#### Assigned task
Lines in the listing below that contain the string "auto" are to be found and copied.

#### Material to process

theorem mainTheorem10:
  fixes m n :: nat and v :: "nat \<Rightarrow> real" and \<mu> :: "nat \<Rightarrow> nat \<Rightarrow> real"
    and \<alpha>1 \<eta> :: real and ustar u :: "nat \<Rightarrow> real"
  assumes "m < n"
    and "\<forall>k. 1 \<le> k \<and> k < n - m \<longrightarrow> v (Suc k) \<le> v k"
    and "0 \<le> v (n - m)"
    and "\<forall>i\<in>{1..n}. \<forall>j\<in>{1..n}. 0 \<le> \<mu> i j"
    and "\<alpha>1 < 1"
    and "ustar \<in> Ulex_item m n \<mu> v"
    and "\<forall>u'\<in>Ulex_item m n \<mu> v. (\<Sum>i\<in>users m. psi (u' i) \<alpha>1) \<le> (\<Sum>i\<in>users m. psi (ustar i) \<alpha>1)"
    and "(\<Sum>i\<in>users m. psi (ustar i) \<alpha>1) > -\<infinity>"
    and "\<eta> > max 1 (Max (ustar ` items m n))"
    and "u \<in> Uset m n \<mu> v"
  shows "\<exists>\<alpha>0 < 0. \<forall>\<alpha>\<le>\<alpha>0.
           W m n (1 - \<eta> powr \<alpha>) \<alpha>1 \<alpha> ustar \<ge> W m n (1 - \<eta> powr \<alpha>) \<alpha>1 \<alpha> u"
proof -
  let ?I = "items m n" and ?W = "\<lambda>t. W m n (1 - \<eta> powr t) \<alpha>1 t"
  have \<eta>: "1 < \<eta>"
    using assms(9) by simp
  have ustar_less: "\<forall>j\<in>?I. ustar j < \<eta>"
  proof
    fix j
    assume "j \<in> ?I"
    then have "ustar j \<le> Max (ustar ` ?I)"
      by (simp add: items_def)
    with assms(9) show "ustar j < \<eta>"
      by simp
  qed
  obtain sx where sx: "(\<Sum>i\<in>users m. psi (ustar i) \<alpha>1) = ereal sx"
    using assms(8) sum_psi_neq_PInf by (cases "\<Sum>i\<in>users m. psi (ustar i) \<alpha>1") auto
  have fin: "finite ?I"
    by (simp add: items_def)
  have not_gt: "\<not> lex_gt ?I u ustar"
    using assms(6,10) by (simp add: Ulex_item_def lex_ge_def)
  have "eventually (\<lambda>t. ?W t u \<le> ?W t ustar) at_bot"
  proof (cases "sorted_vals ?I u = sorted_vals ?I ustar")
    case True
    have "u \<in> Ulex_item m n \<mu> v"
      using assms(6,10) True by (rule Ulex_item_if_same_sorted_vals)
    then have "(\<Sum>i\<in>users m. psi (u i) \<alpha>1) \<le> (\<Sum>i\<in>users m. psi (ustar i) \<alpha>1)"
      using assms(7) by blast
    with True show ?thesis
      by (intro always_eventually allI W_le_if_same_sorted_vals) simp_all
  next
    case False
    obtain k where k: "k < card ?I" "\<forall>l<k. sorted_vals ?I ustar ! l = sorted_vals ?I u ! l"
      "sorted_vals ?I u ! k < sorted_vals ?I ustar ! k"
      using fin False not_gt by (rule leximin_first_gap)
    have "\<forall>k\<in>{1..n-m}. 0 \<le> v k"
      using antimono_weights_nonneg[OF assms(2,3)] by blast
    then have "0 \<le> u j" for j
      using assms(4,10) by (rule Uset_nonneg)
    with \<eta> ustar_less sx k show ?thesis
      by (intro W_eventually_le_of_leximin_gap) auto
  qed
  then show ?thesis
    by (rule eventually_at_bot_real_negative)
qed

end
lemma eval_word_hom_to_free_grp:
  assumes B: "B \<subseteq> carrier G"
    and hom: "\<psi> \<in> hom (subgroup_generated G B) (free_grp B)"
    and letters: "\<And>b. b \<in> B \<Longrightarrow> \<psi> b = [(b, False)]"
    and c: "c \<in> carrier (subgroup_generated G B)"
  shows "eval_word G (\<psi> c) = c"
proof -
  interpret \<psi>: group_hom "subgroup_generated G B" "free_grp B" \<psi>
    using hom free_grp_group by (intro group_hom.intro group_hom_axioms.intro) simp_all
  have carrier_F: "carrier (subgroup_generated G B) = generate G B"
    using B by (simp add: carrier_subgroup_generated Int_absorb1)
  show ?thesis
    using c unfolding carrier_F
  proof (induction c rule: generate.induct)
    case one
    show ?case
      using \<psi>.hom_one by (simp add: one_free_grp)
  next
    case (incl b)
    then show ?case
      using B by (auto simp: letters eval_word_Cons)
  next
    case (inv b)
    then have "\<psi> (inv b) = word_inv [(b, False)]"
      using \<psi>.hom_inv[of b] B
      by (simp add: carrier_F generate.incl letters inv_free_grp carrier_free_grp)
    with inv B show ?case
      by (auto simp: word_inv_def inv_letter_def eval_word_Cons)
  next
    case (eng c d)
    then have "\<psi> (c \<otimes> d) = reduce (\<psi> c @ \<psi> d)"
      using \<psi>.hom_mult[of c d] by (simp add: carrier_F mult_free_grp)
    moreover have "word_over (carrier G) (\<psi> c)" "word_over (carrier G) (\<psi> d)"
      using \<psi>.hom_closed[of c] \<psi>.hom_closed[of d] eng.hyps B
      by (auto simp: carrier_F carrier_free_grp intro: word_over_mono)
    ultimately show ?case
      using eng.IH by (simp add: eval_word_reduce eval_word_append)
  qed
qed
(* Let $P$ be an integer and $m\ge 0$ an integer. Consider the equation $$\sigma_2(n)-n^2=V_{2m}(P,-1)\,n-U_{2m}(P,-1)^2+1$$ in positive integers $n$. Then every solution $n$ with $n>\big(|V_{2m}(P,-1)|+U_{2m}(P,-1)^2-1\big)^3$ is of one of the following forms (so all solutions not of these forms lie in the finite, computable range $n\le(|V_{2m}(P,-1)|+U_{2m}(P,-1)^2-1)^3$): (1) $n=U_{2k+1}(P,-1)\,U_{2k+2m+1}(P,-1)$ for some integer $k\ge 0$, with $U_{2k+1}(P,-1)$ and $U_{2k+2m+1}(P,-1)$ both prime; (2) $n=U_{2k+1}(P,-1)\,U_{2m-2k-1}(P,-1)$ for some integer $k$ with $0\le k\le m-1$ and $m\ne 2k+1$, with $U_{2k+1}(P,-1)$ and $U_{2m-2k-1}(P,-1)$ both prime.
   Context: For a positive integer $n$ and $k\ge 0$, $\sigma_k(n)=\sum_{d\mid n,\ d>0} d^k$. For integers $P,Q$, the Lucas sequences are defined for $j\ge 0$ by $U_0(P,Q)=0$, $U_1(P,Q)=1$, $U_j(P,Q)=P\,U_{j-1}(P,Q)-Q\,U_{j-2}(P,Q)$ for $j>1$, and $V_0(P,Q)=2$, $V_1(P,Q)=P$, $V_j(P,Q)=P\,V_{j-1}(P,Q)-Q\,V_{j-2}(P,Q)$ for $j>1$. *)

theory Defs
  imports "HOL-Computational_Algebra.Primes"
begin

definition divisor_sigma :: "nat \<Rightarrow> nat \<Rightarrow> nat" where
  "divisor_sigma k n = (\<Sum>d\<in>{d. d dvd n}. d ^ k)"

fun lucasU :: "int \<Rightarrow> int \<Rightarrow> nat \<Rightarrow> int" where
  "lucasU P Q 0 = 0"
| "lucasU P Q (Suc 0) = 1"
| "lucasU P Q (Suc (Suc j)) = P * lucasU P Q (Suc j) - Q * lucasU P Q j"

fun lucasV :: "int \<Rightarrow> int \<Rightarrow> nat \<Rightarrow> int" where
  "lucasV P Q 0 = 2"
| "lucasV P Q (Suc 0) = P"
| "lucasV P Q (Suc (Suc j)) = P * lucasV P Q (Suc j) - Q * lucasV P Q j"

end

(*
  Write V = V_2m(P,-1), U = U_2m(P,-1) and D = P^2 + 4, so that V^2 - D U^2 = 4.  Replacing P
  by |P| changes neither V, U^2 nor any odd-index U_j, so we may take P >= 0, and then V >= 2.
  For a solution n beyond the cube bound, comparing sigma_2(n) with the contributions of the
  divisors 1, p, n/p, n, where p is the least prime factor of n, forces n = p q with primes
  p < q, and the equation becomes p^2 + q^2 = V p q - U^2.  Completing the square gives
  (2q - V p)^2 = U^2 (D p^2 - 4), so z^2 - D p^2 = -4 for some integer z.  A descent inverting
  one step of the Lucas recurrence shows that every nonnegative solution of z^2 - D x^2 = +-4
  is a pair (V_j, U_j); the sign -4 makes j odd, p = U_j, and the addition formulas for Lucas
  sequences give q = U_(j+2m) or q = U_|j-2m|.
*)

theory Submission
  imports Defs
begin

#### Exercise result
    using assms(8) sum_psi_neq_PInf by (cases "\<Sum>i\<in>users m. psi (ustar i) \<alpha>1") auto
      by (intro W_eventually_le_of_leximin_gap) auto
      using B by (auto simp: letters eval_word_Cons)
      by (auto simp: word_inv_def inv_letter_def eval_word_Cons)
      by (auto simp: carrier_F carrier_free_grp intro: word_over_mono)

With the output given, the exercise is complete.